**Task objective:** All of the data is to be printed again exactly as it appears.

(Items from a dataset)
——
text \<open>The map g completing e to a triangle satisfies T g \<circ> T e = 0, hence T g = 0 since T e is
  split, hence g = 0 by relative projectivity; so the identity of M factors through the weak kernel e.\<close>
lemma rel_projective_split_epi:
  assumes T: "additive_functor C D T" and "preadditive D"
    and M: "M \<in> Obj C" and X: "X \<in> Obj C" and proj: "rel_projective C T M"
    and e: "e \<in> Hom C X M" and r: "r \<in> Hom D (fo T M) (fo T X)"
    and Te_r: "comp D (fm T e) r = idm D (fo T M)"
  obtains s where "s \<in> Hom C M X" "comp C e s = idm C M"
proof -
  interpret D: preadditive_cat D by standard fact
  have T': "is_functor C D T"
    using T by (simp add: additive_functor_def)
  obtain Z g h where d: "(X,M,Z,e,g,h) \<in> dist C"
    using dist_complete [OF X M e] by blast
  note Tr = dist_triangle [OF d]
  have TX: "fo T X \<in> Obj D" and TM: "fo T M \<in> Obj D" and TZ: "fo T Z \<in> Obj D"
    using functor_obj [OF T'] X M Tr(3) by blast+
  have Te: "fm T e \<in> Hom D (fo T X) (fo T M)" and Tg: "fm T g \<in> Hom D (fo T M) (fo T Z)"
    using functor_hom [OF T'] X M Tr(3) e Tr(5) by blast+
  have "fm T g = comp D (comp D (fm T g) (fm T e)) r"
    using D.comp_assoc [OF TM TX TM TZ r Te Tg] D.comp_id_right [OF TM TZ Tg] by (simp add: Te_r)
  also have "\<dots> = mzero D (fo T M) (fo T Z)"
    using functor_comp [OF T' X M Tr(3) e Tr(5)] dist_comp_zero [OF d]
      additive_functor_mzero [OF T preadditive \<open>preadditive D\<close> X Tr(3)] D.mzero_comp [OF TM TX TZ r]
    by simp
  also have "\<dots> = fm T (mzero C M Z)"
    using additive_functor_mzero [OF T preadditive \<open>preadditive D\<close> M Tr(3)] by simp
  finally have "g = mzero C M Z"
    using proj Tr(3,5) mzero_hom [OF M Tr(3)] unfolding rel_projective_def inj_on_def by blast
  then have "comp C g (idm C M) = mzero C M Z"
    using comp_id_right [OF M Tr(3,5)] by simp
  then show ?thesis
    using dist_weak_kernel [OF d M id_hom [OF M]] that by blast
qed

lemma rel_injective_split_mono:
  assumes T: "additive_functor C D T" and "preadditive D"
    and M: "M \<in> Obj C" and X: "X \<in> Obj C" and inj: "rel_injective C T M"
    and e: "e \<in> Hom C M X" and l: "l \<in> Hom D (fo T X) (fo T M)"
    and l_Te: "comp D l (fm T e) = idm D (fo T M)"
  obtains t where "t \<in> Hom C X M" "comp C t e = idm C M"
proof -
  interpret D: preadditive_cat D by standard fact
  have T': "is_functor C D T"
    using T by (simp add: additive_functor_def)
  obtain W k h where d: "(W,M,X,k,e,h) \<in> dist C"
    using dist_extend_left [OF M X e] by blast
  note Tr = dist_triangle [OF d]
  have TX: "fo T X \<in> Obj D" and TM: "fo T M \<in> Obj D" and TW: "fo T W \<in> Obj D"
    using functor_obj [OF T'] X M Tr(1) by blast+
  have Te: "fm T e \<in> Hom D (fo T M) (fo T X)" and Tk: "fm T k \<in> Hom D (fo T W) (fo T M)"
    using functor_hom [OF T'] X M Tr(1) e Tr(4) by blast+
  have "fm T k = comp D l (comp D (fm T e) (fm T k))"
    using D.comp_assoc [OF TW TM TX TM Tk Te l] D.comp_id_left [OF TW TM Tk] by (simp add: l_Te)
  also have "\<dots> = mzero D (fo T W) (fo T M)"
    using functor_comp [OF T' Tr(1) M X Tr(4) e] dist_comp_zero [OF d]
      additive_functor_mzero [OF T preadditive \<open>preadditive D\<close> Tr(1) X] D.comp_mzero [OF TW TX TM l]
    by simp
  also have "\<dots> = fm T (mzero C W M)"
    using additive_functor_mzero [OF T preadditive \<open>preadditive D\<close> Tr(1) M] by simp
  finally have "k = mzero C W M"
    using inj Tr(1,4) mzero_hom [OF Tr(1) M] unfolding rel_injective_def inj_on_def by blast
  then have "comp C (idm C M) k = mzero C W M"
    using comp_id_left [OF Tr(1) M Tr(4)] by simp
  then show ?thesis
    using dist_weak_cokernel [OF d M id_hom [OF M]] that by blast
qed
——
**Answer to this task:**
text \<open>The map g completing e to a triangle satisfies T g \<circ> T e = 0, hence T g = 0 since T e is
  split, hence g = 0 by relative projectivity; so the identity of M factors through the weak kernel e.\<close>
lemma rel_projective_split_epi:
  assumes T: "additive_functor C D T" and "preadditive D"
    and M: "M \<in> Obj C" and X: "X \<in> Obj C" and proj: "rel_projective C T M"
    and e: "e \<in> Hom C X M" and r: "r \<in> Hom D (fo T M) (fo T X)"
    and Te_r: "comp D (fm T e) r = idm D (fo T M)"
  obtains s where "s \<in> Hom C M X" "comp C e s = idm C M"
proof -
  interpret D: preadditive_cat D by standard fact
  have T': "is_functor C D T"
    using T by (simp add: additive_functor_def)
  obtain Z g h where d: "(X,M,Z,e,g,h) \<in> dist C"
    using dist_complete [OF X M e] by blast
  note Tr = dist_triangle [OF d]
  have TX: "fo T X \<in> Obj D" and TM: "fo T M \<in> Obj D" and TZ: "fo T Z \<in> Obj D"
    using functor_obj [OF T'] X M Tr(3) by blast+
  have Te: "fm T e \<in> Hom D (fo T X) (fo T M)" and Tg: "fm T g \<in> Hom D (fo T M) (fo T Z)"
    using functor_hom [OF T'] X M Tr(3) e Tr(5) by blast+
  have "fm T g = comp D (comp D (fm T g) (fm T e)) r"
    using D.comp_assoc [OF TM TX TM TZ r Te Tg] D.comp_id_right [OF TM TZ Tg] by (simp add: Te_r)
  also have "\<dots> = mzero D (fo T M) (fo T Z)"
    using functor_comp [OF T' X M Tr(3) e Tr(5)] dist_comp_zero [OF d]
      additive_functor_mzero [OF T preadditive \<open>preadditive D\<close> X Tr(3)] D.mzero_comp [OF TM TX TZ r]
    by simp
  also have "\<dots> = fm T (mzero C M Z)"
    using additive_functor_mzero [OF T preadditive \<open>preadditive D\<close> M Tr(3)] by simp
  finally have "g = mzero C M Z"
    using proj Tr(3,5) mzero_hom [OF M Tr(3)] unfolding rel_projective_def inj_on_def by blast
  then have "comp C g (idm C M) = mzero C M Z"
    using comp_id_right [OF M Tr(3,5)] by simp
  then show ?thesis
    using dist_weak_kernel [OF d M id_hom [OF M]] that by blast
qed

lemma rel_injective_split_mono:
  assumes T: "additive_functor C D T" and "preadditive D"
    and M: "M \<in> Obj C" and X: "X \<in> Obj C" and inj: "rel_injective C T M"
    and e: "e \<in> Hom C M X" and l: "l \<in> Hom D (fo T X) (fo T M)"
    and l_Te: "comp D l (fm T e) = idm D (fo T M)"
  obtains t where "t \<in> Hom C X M" "comp C t e = idm C M"
proof -
  interpret D: preadditive_cat D by standard fact
  have T': "is_functor C D T"
    using T by (simp add: additive_functor_def)
  obtain W k h where d: "(W,M,X,k,e,h) \<in> dist C"
    using dist_extend_left [OF M X e] by blast
  note Tr = dist_triangle [OF d]
  have TX: "fo T X \<in> Obj D" and TM: "fo T M \<in> Obj D" and TW: "fo T W \<in> Obj D"
    using functor_obj [OF T'] X M Tr(1) by blast+
  have Te: "fm T e \<in> Hom D (fo T M) (fo T X)" and Tk: "fm T k \<in> Hom D (fo T W) (fo T M)"
    using functor_hom [OF T'] X M Tr(1) e Tr(4) by blast+
  have "fm T k = comp D l (comp D (fm T e) (fm T k))"
    using D.comp_assoc [OF TW TM TX TM Tk Te l] D.comp_id_left [OF TW TM Tk] by (simp add: l_Te)
  also have "\<dots> = mzero D (fo T W) (fo T M)"
    using functor_comp [OF T' Tr(1) M X Tr(4) e] dist_comp_zero [OF d]
      additive_functor_mzero [OF T preadditive \<open>preadditive D\<close> Tr(1) X] D.comp_mzero [OF TW TX TM l]
    by simp
  also have "\<dots> = fm T (mzero C W M)"
    using additive_functor_mzero [OF T preadditive \<open>preadditive D\<close> Tr(1) M] by simp
  finally have "k = mzero C W M"
    using inj Tr(1,4) mzero_hom [OF Tr(1) M] unfolding rel_injective_def inj_on_def by blast
  then have "comp C (idm C M) k = mzero C W M"
    using comp_id_left [OF Tr(1) M Tr(4)] by simp
  then show ?thesis
    using dist_weak_cokernel [OF d M id_hom [OF M]] that by blast
qed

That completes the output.